"CIOs and CSOs are putting their foot down on security," says Zettaset CEO Jim Vogt. "Hadoop has to get hardened to the same extent that existing data center technologies are today."
And in another move that should lead to improved Hadoop security, Hortonworks recently acquired XA Secure, a provider of security and policy management tools for Hadoop. Hortonworks plans to incorporate the XA Secure technology into its Hortonworks Data Platform while also submitting it to the open-source Apache community. The appeal of XA Secure software stems from its ability to provide centralized capabilities around data security for easier governance.
New and Improved Proofs of Concept
Despite the steps taken by vendors such as Hortonworks to fortify their distributions, users still have concerns about Hadoop security.
Security is "still embryonic in Hadoop," says John Williams, senior vice president of platform operations at TrueCar, a Santa Monica, Calif.-based automotive data company that provides a negotiation-free car-buying service.
TrueCar processes and analyzes reams of data to help people decide what vehicle to buy. The company handles nearly 700 gigabytes of "primarily unstructured data like new vehicle models, used car inventory and auction data," as well as 100 million vehicle images every day, according to Williams. "Our data ecosystem is gigantic," he says.
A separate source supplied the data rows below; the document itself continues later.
lemma centralizer_mod_commutator:
  assumes "t \<in> centralizer_mod p"
  shows "commutator t r \<in> centralizer_mod p"
proof -
  have "commutator (commutator t r) c = commutator t (commutator r c) - commutator r (commutator t c)"
    for c
    by (simp add: commutator_def algebra_simps)
  then show ?thesis
    using assms poly_span_commutator unfolding centralizer_mod_def
    by (simp add: poly_span_def span_diff)
qed

lemma poly_alg_mem_centralizer_mod: "poly_alg s p a \<in> centralizer_mod p"
  unfolding centralizer_mod_def
proof (intro CollectI allI)
  fix c
  have "has_jet (\<lambda>l. poly_alg s p (a * (1 + s l c)) - poly_alg s p ((1 + s l c) * a))
      (poly_alg s p a - poly_alg s p a) (poly_alg_deriv p a (a * c) - poly_alg_deriv p a (c * a))"
    using has_jet_diff[OF has_jet_poly_alg[OF has_jet_line[of a "a * c"], of p]
        has_jet_poly_alg[OF has_jet_line[of a "c * a"], of p]]
    by (rule has_jet_cong) (simp_all add: distrib_left distrib_right)
  then have "poly_alg_deriv p a (a * c) - poly_alg_deriv p a (c * a) \<in> poly_span p"
    by (rule has_jet_derivative_in_subspace[OF _ subspace_poly_span])
      (rule poly_alg_commutator_mem_poly_span)
  also have "poly_alg_deriv p a (a * c) - poly_alg_deriv p a (c * a)
      = poly_alg_deriv p a (commutator (- c) a)"
    by (simp add: commutator_def flip: poly_alg_deriv_diff)
  also have "\<dots> = commutator (poly_alg s p a) c"
    using poly_alg_deriv_commutator[of p a "- c"] by (simp add: commutator_def)
  finally show "commutator (poly_alg s p a) c \<in> poly_span p" .
qed

lemma power_degree_mem_centralizer_mod:
  assumes "p \<noteq> 0"
  shows "a ^ degree p \<in> centralizer_mod p"
proof -
  have "s (coeff p (degree p)) (a ^ degree p) \<in> centralizer_mod p"
  proof (rule poly_coeffs_in_subspace[OF subspace_centralizer_mod infinite_field,
        where v = "\<lambda>i. s (coeff p i) (a ^ i)"])
    fix l :: 'f
    have "poly_alg s p (s l a) = (\<Sum>i\<le>degree p. s (l ^ i) (s (coeff p i) (a ^ i)))"
      unfolding poly_alg_def by (simp add: scale_power mult.commute)
    then show "(\<Sum>i\<le>degree p. s (l ^ i) (s (coeff p i) (a ^ i))) \<in> centralizer_mod p"
      using poly_alg_mem_centralizer_mod by metis
  qed simp
  moreover have "coeff p (degree p) \<noteq> 0"
    using assms by simp
  ultimately show ?thesis
    by (rule subspace_scale_cancel[OF subspace_centralizer_mod])
qed

end

locale simple_field_algebra = field_algebra s for s :: "'f::field \<Rightarrow> 'r::ring_1 \<Rightarrow> 'r" +
  assumes simple: "simple_algebra s"
begin

lemma algebra_one_neq_zero: "(1::'r) \<noteq> 0"
  using simple unfolding simple_algebra_def by blast

lemma alg_ideal_trivial: "alg_ideal s I \<Longrightarrow> I = {0} \<or> I = UNIV"
  using simple unfolding simple_algebra_def by blast

lemma central_nonzero_invertible:
  fixes z :: 'r
  assumes "z \<in> center" "z \<noteq> 0"
  obtains w where "z * w = 1" "w * z = 1"
proof -
  have "z \<in> range ((*) z)"
    by (metis mult_1_right rangeI)
  then have "1 \<in> range ((*) z)"
    using alg_ideal_trivial[OF alg_ideal_central_multiples[OF assms(1)]] assms(2) by blast
  then obtain w where "1 = z * w"
    by blast
  then show ?thesis
    using that[of w] assms(1) by (simp add: center_def)
qed
(* Let $(K,\le)$ be a linearly ordered set which is compact in its order topology, and let $d:K\times K\to[0,+\infty)$ be a symmetric map with $d(x,y)>0$ whenever $x\neq y$, such that for every $x<y$ in $K$ with $]x,y[\neq\emptyset$ and every $\varepsilon>0$ there exist $u<v$ with $]u,v[$ a nonempty open interval contained in $]x,y[$ and $\sup\{d(s,t): s,t\in\,]u,v[\}<\varepsilon$. Then $K$ is almost totally disconnected.
   Context: Here $]x,y[=\{z\in K: x<z<y\}$. For a set $\Gamma$, $\Sigma_0^1[0,1]^\Gamma$ is the subspace of $[0,1]^\Gamma$ (product topology) consisting of those $x$ with $x_\gamma\in\{0,1\}$ for all but countably many $\gamma$. A compact space is almost totally disconnected if it is homeomorphic to a subspace of $\Sigma_0^1[0,1]^\Gamma$ for some set $\Gamma$. *)

theory Defs
  imports "HOL-Analysis.Analysis"
begin

definition Sigma01 :: "'g set \<Rightarrow> ('g \<Rightarrow> real) set" where
  "Sigma01 \<Gamma> = {x \<in> PiE \<Gamma> (\<lambda>_. {0..1}). countable {\<gamma> \<in> \<Gamma>. x \<gamma> \<notin> {0, 1}}}"

definition cube_top :: "'g set \<Rightarrow> ('g \<Rightarrow> real) topology" where
  "cube_top \<Gamma> = product_topology (\<lambda>_. top_of_set {0..1}) \<Gamma>"

text \<open>Index sets \<open>\<Gamma>\<close> are taken as subsets of the type \<open>'a \<Rightarrow> real\<close>.\<close>
definition almost_totally_disconnected :: "'a topology \<Rightarrow> bool" where
  "almost_totally_disconnected X \<longleftrightarrow>
     (\<exists>(\<Gamma> :: ('a \<Rightarrow> real) set) T. T \<subseteq> Sigma01 \<Gamma> \<and>
        X homeomorphic_space subtopology (cube_top \<Gamma>) T)"

end

theory Submission
  imports Defs
begin

text \<open>
  A compact Hausdorff space \<open>X\<close> is almost totally disconnected as soon as it
  carries a point-separating family \<open>\<Gamma>\<close> of continuous maps into \<open>[0,1]\<close> such that at every
  point only countably many members of \<open>\<Gamma>\<close> take a value outside \<open>{0,1}\<close>: the evaluation map
  into \<open>[0,1]^\<Gamma>\<close> is then an embedding into \<open>\<Sigma>_0^1[0,1]^\<Gamma>\<close>.

  For the ordered compactum \<open>K\<close> such a family consists of Urysohn "step functions" (\<open>0\<close> left
  of \<open>u\<close>, \<open>1\<close> right of \<open>v\<close>), one for each interval \<open>(u,v)\<close> of a family \<open>P\<close> that
  (i) separates points (every \<open>x < y\<close> admits \<open>(u,v) \<in> P\<close> with \<open>x \<le> u < v \<le> y\<close>) and
  (ii) is point-countable (each \<open>x\<close> lies in only countably many open intervals \<open>]u,v[\<close>).
  We take for \<open>P\<close> all gaps \<open>u < v\<close> with \<open>]u,v[ = {}\<close> together with, for every \<open>n\<close>, a maximal
  pairwise disjoint family of nonempty open intervals of \<open>d\<close>-diameter below \<open>1/(n+1)\<close>.
  Disjointness gives (ii); maximality and the density hypothesis give (i), because an
  interval of small diameter cannot contain two points at \<open>d\<close>-distance at least \<open>1/(n+1)\<close>.
\<close>

section \<open>An embedding criterion for almost total disconnectedness\<close>

lemma almost_totally_disconnected_by_separating_family:
  fixes X :: "'a topology" and \<Gamma> :: "('a \<Rightarrow> real) set"
  assumes compact: "compact_space X" and Hausdorff: "Hausdorff_space X"
    and cont: "\<And>f. f \<in> \<Gamma> \<Longrightarrow> continuous_map X (top_of_set {0..1}) f"
    and separating: "\<And>x y. x \<in> topspace X \<Longrightarrow> y \<in> topspace X \<Longrightarrow> x \<noteq> y \<Longrightarrow> \<exists>f\<in>\<Gamma>. f x \<noteq> f y"
    and countable_fractional: "\<And>x. x \<in> topspace X \<Longrightarrow> countable {f \<in> \<Gamma>. f x \<notin> {0, 1}}"
  shows "almost_totally_disconnected X"
proof -
  define e where "e x = restrict (\<lambda>f. f x) \<Gamma>" for x
  have e_cont: "continuous_map X (cube_top \<Gamma>) e"
    unfolding cube_top_def continuous_map_componentwise
  proof
    show "e ` topspace X \<subseteq> extensional \<Gamma>" by (auto simp: e_def)
    show "\<forall>f\<in>\<Gamma>. continuous_map X (top_of_set {0..1}) (\<lambda>x. e x f)"
      using cont by (simp add: e_def)
  qed
  have e_inj: "inj_on e (topspace X)"
  proof (rule inj_onI)
    fix x y assume "x \<in> topspace X" "y \<in> topspace X" "e x = e y"
    then show "x = y" using separating[of x y] by (metis e_def restrict_apply')
  qed
  have "Hausdorff_space (cube_top \<Gamma>)"
    unfolding cube_top_def Hausdorff_space_product_topology
    by (simp add: Hausdorff_space_subtopology)
  then have "embedding_map X (cube_top \<Gamma>) e"
    using continuous_imp_embedding_map[OF e_cont compact _ e_inj] by blast
  then have "X homeomorphic_space subtopology (cube_top \<Gamma>) (e ` topspace X)"
    by (rule embedding_map_imp_homeomorphic_space)
  moreover have "e ` topspace X \<subseteq> Sigma01 \<Gamma>"
  proof
    fix z assume "z \<in> e ` topspace X"
    then obtain x where x: "x \<in> topspace X" "z = e x" by blast
    have "e x \<in> PiE \<Gamma> (\<lambda>_. {0..1})"
      using cont x(1) by (force simp: e_def continuous_map_def)
    moreover have "{f \<in> \<Gamma>. e x f \<notin> {0, 1}} = {f \<in> \<Gamma>. f x \<notin> {0, 1}}"
      by (auto simp: e_def)
    ultimately show "z \<in> Sigma01 \<Gamma>"
      using countable_fractional[OF x(1)] x(2) by (simp add: Sigma01_def)
  qed
  ultimately show ?thesis
    unfolding almost_totally_disconnected_def by blast
qed
(* Let $G$ be a finite group and $\mathcal{P}$ a prime ideal of $\mathrm{Gh}(\underline{A}_G)$. For each $H\le G$ write $\mathcal{P}(G/H)=\widetilde{A}(H)\cap\prod_{I\le H}n_{I,H}\mathbb{Z}$ with integers $n_{I,H}\ge0$. Then for all $I\le H\le G$, $n_{I,H}=n_{I,G}$.
   Context: For $H\le G$, $\widetilde{A}(H)$ is the subring of $\prod_{I\le H}\mathbb{Z}$ of tuples $(a_I)_{I\le H}$ with $a_{hIh^{-1}}=a_I$ for $h\in H$; every ideal of $\widetilde{A}(H)$ is of the form $\widetilde{A}(H)\cap\prod_{I\le H}n_I\mathbb{Z}$ with unique $n_I\ge0$ constant on $H$-conjugacy classes. $\mathrm{Gh}(\underline{A}_G)$ is the $G$-Tambara functor with $\mathrm{Gh}(\underline{A}_G)(G/H)=\widetilde{A}(H)$ and, for $H\le K$, $g\in G$, $I^g=g^{-1}Ig$: $\mathrm{res}^K_H(b)_L=b_L$; $\mathrm{tr}^K_H(a)_I=\sum_{kH\in K/H,\ I^k\le H}a_{I^k}$; $\mathrm{nm}^K_H(a)_I=\prod_{IgH\in I\backslash K/H}a_{I^g\cap H}$; $c_{g,H}(a)_J=a_{J^g}$ for $J\le gHg^{-1}$. A Tambara ideal is a collection of ideals $\mathcal{I}(G/H)$ closed under all restrictions, transfers, norms and conjugations; it is prime (Nakaoka) if it is not everything and whenever $a\in T(G/K_1)$, $b\in T(G/K_2)$ satisfy $\big(\mathrm{nm}^L_{g_1H_1g_1^{-1}}c_{g_1,H_1}\mathrm{res}^{K_1}_{H_1}(a)\big)\big(\mathrm{nm}^L_{g_2H_2g_2^{-1}}c_{g_2,H_2}\mathrm{res}^{K_2}_{H_2}(b)\big)\in\mathcal{I}(G/L)$ for all $L,H_1,H_2\le G$, $g_1,g_2\in G$ with $H_i\le K_i$, $g_iH_ig_i^{-1}\le L$, then $a\in\mathcal{I}(G/K_1)$ or $b\in\mathcal{I}(G/K_2)$. *)

theory Defs
  imports "HOL-Algebra.Coset"
begin

(* Subgroups I of G are represented as subsets with subgroup I G; "I <= H" is
   subgroup I G \<and> I \<subseteq> H.  Elements of A~(H) are functions on subsets of G,
   vanishing off the subgroups of H and invariant under H-conjugation. *)

definition conjsub :: "('a,'b) monoid_scheme \<Rightarrow> 'a set \<Rightarrow> 'a \<Rightarrow> 'a set" where
  "conjsub G I g = {inv\<^bsub>G\<^esub> g \<otimes>\<^bsub>G\<^esub> x \<otimes>\<^bsub>G\<^esub> g | x. x \<in> I}"

definition ghost :: "('a,'b) monoid_scheme \<Rightarrow> 'a set \<Rightarrow> ('a set \<Rightarrow> int) set" where
  "ghost G H = {a. (\<forall>I. \<not> (subgroup I G \<and> I \<subseteq> H) \<longrightarrow> a I = 0) \<and>
      (\<forall>I h. subgroup I G \<and> I \<subseteq> H \<and> h \<in> H \<longrightarrow> a (conjsub G I h) = a I)}"

definition res :: "('a,'b) monoid_scheme \<Rightarrow> 'a set \<Rightarrow> 'a set \<Rightarrow> ('a set \<Rightarrow> int) \<Rightarrow> ('a set \<Rightarrow> int)" where
  "res G K H b = (\<lambda>L. if subgroup L G \<and> L \<subseteq> H then b L else 0)"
TrueCar turned to Hortonworks' Hadoop distribution to better interpret and parse the staggering amount of data it crunches. Key benefits include a faster development process for new products and reduced overhead on costly infrastructure. But more important, Williams says, TrueCar no longer needs to shoehorn data into a limited-size SQL infrastructure. Rather, he says that "with Hadoop, it becomes economical to never delete any data ever," resulting in "this unbelievably rich historical log of all the data from your business."
But because of concerns about security, "we realized we couldn't do a proof of concept [with Hadoop] that's going to involve customer data like names, addresses and phone numbers," Williams says. "It's not quite ready for that."
Hadoop security "is a big concern" for ComScore as well, says Brown, noting that the company has taken considerable steps to better secure its data. "We have one set of networks for the capture of data and one set of networks for the processing of data," he explains. Additional precautions include relying on a standard Active Directory security infrastructure and ensuring field-level encryption on sensitive data.
So how can organizations determine whether the benefits of business-friendly Hadoop systems outweigh the platform's security risks? For many, the answer is an elaborate proof of concept to demonstrate how Hadoop and its related tools can be integrated into an enterprise's existing architecture.
For example, TrueCar could have taken a traditional approach to testing Hadoop by simply running a handful of queries on Apache Hive data warehouse software. Instead, it opted for an "outside the box" experiment that involved performing "a massively parallel ingest on thousands of gnarly formatted data files" on Hadoop, Williams says. "When that proof of concept succeeded, it just blew everyone's mind."